_Your instructions_. Only the lines below from the one containing "proof (rule equals0I)" to the one containing "unfolding \<S>_def a_def" should be repeated, both included and unchanged.
⟨
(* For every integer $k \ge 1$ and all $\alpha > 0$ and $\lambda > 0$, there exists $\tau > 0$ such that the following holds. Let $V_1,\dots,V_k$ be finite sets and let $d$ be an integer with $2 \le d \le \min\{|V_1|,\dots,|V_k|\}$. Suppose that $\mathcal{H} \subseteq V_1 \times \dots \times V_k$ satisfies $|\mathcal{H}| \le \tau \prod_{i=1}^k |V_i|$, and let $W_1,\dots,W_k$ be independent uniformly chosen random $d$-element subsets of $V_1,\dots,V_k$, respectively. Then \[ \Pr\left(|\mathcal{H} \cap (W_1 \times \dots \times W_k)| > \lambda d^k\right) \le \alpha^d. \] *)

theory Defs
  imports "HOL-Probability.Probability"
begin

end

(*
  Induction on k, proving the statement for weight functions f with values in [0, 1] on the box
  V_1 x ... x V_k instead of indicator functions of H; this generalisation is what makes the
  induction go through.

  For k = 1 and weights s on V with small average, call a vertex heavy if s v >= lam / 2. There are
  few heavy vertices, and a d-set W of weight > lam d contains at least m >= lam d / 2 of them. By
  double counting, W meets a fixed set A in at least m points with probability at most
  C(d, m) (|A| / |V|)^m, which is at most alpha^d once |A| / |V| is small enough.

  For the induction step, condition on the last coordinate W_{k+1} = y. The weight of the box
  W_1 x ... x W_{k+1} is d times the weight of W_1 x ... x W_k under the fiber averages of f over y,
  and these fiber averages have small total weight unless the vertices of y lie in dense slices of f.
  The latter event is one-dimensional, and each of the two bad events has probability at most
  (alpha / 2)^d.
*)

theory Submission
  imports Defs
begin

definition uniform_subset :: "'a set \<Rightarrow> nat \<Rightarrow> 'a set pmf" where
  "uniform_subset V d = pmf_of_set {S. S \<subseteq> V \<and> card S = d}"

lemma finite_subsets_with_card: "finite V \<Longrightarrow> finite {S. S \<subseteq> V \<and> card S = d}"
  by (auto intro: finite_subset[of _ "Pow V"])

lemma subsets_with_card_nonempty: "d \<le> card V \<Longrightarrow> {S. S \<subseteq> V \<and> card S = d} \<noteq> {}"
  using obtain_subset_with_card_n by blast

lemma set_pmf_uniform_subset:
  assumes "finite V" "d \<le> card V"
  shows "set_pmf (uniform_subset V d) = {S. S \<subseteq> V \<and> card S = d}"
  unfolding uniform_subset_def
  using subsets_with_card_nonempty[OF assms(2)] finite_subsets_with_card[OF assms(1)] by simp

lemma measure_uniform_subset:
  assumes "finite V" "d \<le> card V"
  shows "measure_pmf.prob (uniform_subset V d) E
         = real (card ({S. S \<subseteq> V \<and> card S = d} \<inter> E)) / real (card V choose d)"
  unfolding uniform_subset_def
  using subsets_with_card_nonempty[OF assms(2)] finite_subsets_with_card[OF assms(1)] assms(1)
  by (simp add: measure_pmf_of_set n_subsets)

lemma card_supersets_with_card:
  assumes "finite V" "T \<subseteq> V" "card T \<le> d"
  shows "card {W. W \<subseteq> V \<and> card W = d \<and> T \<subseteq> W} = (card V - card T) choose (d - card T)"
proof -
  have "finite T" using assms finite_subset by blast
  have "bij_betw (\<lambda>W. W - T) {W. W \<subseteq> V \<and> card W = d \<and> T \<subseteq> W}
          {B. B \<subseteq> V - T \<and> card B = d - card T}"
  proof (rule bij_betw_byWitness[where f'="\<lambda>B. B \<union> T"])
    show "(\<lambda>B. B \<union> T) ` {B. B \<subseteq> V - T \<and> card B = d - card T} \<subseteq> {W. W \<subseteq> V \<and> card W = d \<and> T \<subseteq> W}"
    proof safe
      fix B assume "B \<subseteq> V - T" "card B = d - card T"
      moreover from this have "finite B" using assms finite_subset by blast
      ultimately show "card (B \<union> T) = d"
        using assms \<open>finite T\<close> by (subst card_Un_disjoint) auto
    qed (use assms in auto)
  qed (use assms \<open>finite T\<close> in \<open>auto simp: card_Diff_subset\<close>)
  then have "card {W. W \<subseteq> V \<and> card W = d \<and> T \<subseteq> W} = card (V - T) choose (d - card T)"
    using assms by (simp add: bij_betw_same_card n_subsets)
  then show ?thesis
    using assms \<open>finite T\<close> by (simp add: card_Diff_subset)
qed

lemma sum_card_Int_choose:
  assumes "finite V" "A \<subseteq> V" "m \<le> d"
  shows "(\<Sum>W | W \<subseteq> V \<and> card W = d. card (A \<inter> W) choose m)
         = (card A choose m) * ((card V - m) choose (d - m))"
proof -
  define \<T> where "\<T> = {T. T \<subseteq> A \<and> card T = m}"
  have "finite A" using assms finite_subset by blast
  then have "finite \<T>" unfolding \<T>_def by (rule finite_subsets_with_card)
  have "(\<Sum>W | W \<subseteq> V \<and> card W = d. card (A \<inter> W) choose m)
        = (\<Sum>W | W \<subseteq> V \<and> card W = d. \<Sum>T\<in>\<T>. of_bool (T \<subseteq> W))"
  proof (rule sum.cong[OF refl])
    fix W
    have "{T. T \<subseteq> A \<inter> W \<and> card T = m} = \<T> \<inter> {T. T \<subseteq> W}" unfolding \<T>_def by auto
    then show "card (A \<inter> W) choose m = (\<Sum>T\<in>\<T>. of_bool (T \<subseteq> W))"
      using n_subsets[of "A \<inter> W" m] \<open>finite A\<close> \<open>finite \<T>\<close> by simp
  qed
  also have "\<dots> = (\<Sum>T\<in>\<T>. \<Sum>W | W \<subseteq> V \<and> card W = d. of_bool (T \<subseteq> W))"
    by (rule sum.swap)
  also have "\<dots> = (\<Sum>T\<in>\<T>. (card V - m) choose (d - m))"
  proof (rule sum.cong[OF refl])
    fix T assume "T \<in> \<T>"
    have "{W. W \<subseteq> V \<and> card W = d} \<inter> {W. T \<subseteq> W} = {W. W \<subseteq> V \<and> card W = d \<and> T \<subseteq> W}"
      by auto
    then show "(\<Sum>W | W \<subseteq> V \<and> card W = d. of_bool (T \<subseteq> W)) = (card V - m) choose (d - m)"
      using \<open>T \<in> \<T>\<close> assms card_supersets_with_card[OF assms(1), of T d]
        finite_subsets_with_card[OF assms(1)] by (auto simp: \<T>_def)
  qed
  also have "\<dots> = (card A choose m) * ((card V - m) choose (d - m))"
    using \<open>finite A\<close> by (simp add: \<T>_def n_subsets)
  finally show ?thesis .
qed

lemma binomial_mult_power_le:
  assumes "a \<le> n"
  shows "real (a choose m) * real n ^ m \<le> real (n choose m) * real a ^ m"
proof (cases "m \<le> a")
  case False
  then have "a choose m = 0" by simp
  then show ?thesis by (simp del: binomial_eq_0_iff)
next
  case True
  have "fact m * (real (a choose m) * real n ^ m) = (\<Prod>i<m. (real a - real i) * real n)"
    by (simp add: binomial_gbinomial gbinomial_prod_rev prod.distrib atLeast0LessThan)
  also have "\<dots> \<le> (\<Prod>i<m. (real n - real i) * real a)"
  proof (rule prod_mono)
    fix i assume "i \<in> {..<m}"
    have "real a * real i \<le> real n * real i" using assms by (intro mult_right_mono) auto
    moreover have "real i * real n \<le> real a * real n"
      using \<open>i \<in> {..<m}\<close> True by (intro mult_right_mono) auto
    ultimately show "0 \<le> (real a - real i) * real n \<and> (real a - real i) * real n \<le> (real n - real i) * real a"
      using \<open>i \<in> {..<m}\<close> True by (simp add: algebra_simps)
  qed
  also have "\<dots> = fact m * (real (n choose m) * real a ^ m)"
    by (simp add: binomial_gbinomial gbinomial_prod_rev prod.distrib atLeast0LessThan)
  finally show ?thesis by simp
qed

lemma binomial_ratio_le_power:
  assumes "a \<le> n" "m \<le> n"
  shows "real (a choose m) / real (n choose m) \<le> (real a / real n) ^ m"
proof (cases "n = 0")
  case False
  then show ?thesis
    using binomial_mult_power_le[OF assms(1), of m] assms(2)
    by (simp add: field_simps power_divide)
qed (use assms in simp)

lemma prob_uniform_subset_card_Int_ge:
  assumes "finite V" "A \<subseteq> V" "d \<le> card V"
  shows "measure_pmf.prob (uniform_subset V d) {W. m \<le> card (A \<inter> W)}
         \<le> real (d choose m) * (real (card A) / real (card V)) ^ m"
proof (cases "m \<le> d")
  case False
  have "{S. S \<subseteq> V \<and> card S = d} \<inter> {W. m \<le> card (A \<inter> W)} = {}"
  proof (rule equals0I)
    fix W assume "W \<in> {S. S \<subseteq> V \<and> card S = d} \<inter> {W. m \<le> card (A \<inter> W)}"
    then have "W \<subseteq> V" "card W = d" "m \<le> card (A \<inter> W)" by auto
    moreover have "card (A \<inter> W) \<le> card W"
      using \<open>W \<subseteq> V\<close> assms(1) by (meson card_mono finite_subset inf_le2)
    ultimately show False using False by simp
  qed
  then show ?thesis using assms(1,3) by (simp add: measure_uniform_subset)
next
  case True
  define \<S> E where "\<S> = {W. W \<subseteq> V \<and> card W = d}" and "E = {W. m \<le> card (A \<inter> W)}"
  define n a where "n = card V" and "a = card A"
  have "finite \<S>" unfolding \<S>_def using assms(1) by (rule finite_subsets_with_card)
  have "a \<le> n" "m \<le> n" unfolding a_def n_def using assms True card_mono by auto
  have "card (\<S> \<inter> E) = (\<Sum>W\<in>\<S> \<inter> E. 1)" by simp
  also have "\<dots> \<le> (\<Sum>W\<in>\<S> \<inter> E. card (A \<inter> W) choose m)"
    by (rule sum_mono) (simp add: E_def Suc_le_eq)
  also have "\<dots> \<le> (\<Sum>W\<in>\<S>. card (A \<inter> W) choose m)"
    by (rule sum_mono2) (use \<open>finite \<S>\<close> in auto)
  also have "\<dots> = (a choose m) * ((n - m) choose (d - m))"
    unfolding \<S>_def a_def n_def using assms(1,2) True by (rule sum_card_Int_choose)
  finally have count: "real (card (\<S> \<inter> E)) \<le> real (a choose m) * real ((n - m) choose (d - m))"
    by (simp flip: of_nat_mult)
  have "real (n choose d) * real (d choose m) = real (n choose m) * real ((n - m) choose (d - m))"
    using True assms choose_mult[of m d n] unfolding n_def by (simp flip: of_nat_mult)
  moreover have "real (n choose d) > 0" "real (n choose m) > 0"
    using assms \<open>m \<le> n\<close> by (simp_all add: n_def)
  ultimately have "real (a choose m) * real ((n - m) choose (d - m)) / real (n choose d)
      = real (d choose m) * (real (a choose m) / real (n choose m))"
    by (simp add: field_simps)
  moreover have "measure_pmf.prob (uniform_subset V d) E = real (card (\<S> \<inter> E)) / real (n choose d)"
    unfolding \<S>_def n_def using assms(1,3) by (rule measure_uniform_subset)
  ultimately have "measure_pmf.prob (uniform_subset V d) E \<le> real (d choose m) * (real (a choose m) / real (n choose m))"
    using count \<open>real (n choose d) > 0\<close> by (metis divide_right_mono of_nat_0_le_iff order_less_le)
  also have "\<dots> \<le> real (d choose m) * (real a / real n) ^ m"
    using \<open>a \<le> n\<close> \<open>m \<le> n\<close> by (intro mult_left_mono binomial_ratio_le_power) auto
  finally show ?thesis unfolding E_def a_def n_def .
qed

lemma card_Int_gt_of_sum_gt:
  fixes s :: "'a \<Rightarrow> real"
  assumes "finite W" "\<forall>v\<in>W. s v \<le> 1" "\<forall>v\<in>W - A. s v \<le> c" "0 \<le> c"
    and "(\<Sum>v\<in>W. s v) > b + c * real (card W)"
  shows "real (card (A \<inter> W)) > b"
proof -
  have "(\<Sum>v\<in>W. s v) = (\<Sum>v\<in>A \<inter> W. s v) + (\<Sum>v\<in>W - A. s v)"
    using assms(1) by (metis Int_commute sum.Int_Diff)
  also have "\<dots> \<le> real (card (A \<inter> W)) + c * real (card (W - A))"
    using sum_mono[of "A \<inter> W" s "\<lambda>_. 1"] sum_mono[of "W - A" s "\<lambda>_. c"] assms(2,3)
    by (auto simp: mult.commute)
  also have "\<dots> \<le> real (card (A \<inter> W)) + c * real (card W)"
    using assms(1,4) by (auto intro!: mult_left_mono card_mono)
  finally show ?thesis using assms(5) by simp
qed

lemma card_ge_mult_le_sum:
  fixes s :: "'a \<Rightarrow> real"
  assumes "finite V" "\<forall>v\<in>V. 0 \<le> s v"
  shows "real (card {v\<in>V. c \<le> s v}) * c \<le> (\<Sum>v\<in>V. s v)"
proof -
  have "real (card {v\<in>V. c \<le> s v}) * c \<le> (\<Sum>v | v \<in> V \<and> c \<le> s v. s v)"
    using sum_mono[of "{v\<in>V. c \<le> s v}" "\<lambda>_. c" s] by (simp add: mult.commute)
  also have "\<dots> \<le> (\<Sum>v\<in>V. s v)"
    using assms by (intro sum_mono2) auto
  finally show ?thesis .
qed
⟩
_Completed exercise_.
  proof (rule equals0I)
    fix W assume "W \<in> {S. S \<subseteq> V \<and> card S = d} \<inter> {W. m \<le> card (A \<inter> W)}"
    then have "W \<subseteq> V" "card W = d" "m \<le> card (A \<inter> W)" by auto
    moreover have "card (A \<inter> W) \<le> card W"
      using \<open>W \<subseteq> V\<close> assms(1) by (meson card_mono finite_subset inf_le2)
    ultimately show False using False by simp
  qed
  then show ?thesis using assms(1,3) by (simp add: measure_uniform_subset)
next
  case True
  define \<S> E where "\<S> = {W. W \<subseteq> V \<and> card W = d}" and "E = {W. m \<le> card (A \<inter> W)}"
  define n a where "n = card V" and "a = card A"
  have "finite \<S>" unfolding \<S>_def using assms(1) by (rule finite_subsets_with_card)
  have "a \<le> n" "m \<le> n" unfolding a_def n_def using assms True card_mono by auto
  have "card (\<S> \<inter> E) = (\<Sum>W\<in>\<S> \<inter> E. 1)" by simp
  also have "\<dots> \<le> (\<Sum>W\<in>\<S> \<inter> E. card (A \<inter> W) choose m)"
    by (rule sum_mono) (simp add: E_def Suc_le_eq)
  also have "\<dots> \<le> (\<Sum>W\<in>\<S>. card (A \<inter> W) choose m)"
    by (rule sum_mono2) (use \<open>finite \<S>\<close> in auto)
  also have "\<dots> = (a choose m) * ((n - m) choose (d - m))"
    unfolding \<S>_def a_def n_def using assms(1,2) True by (rule sum_card_Int_choose)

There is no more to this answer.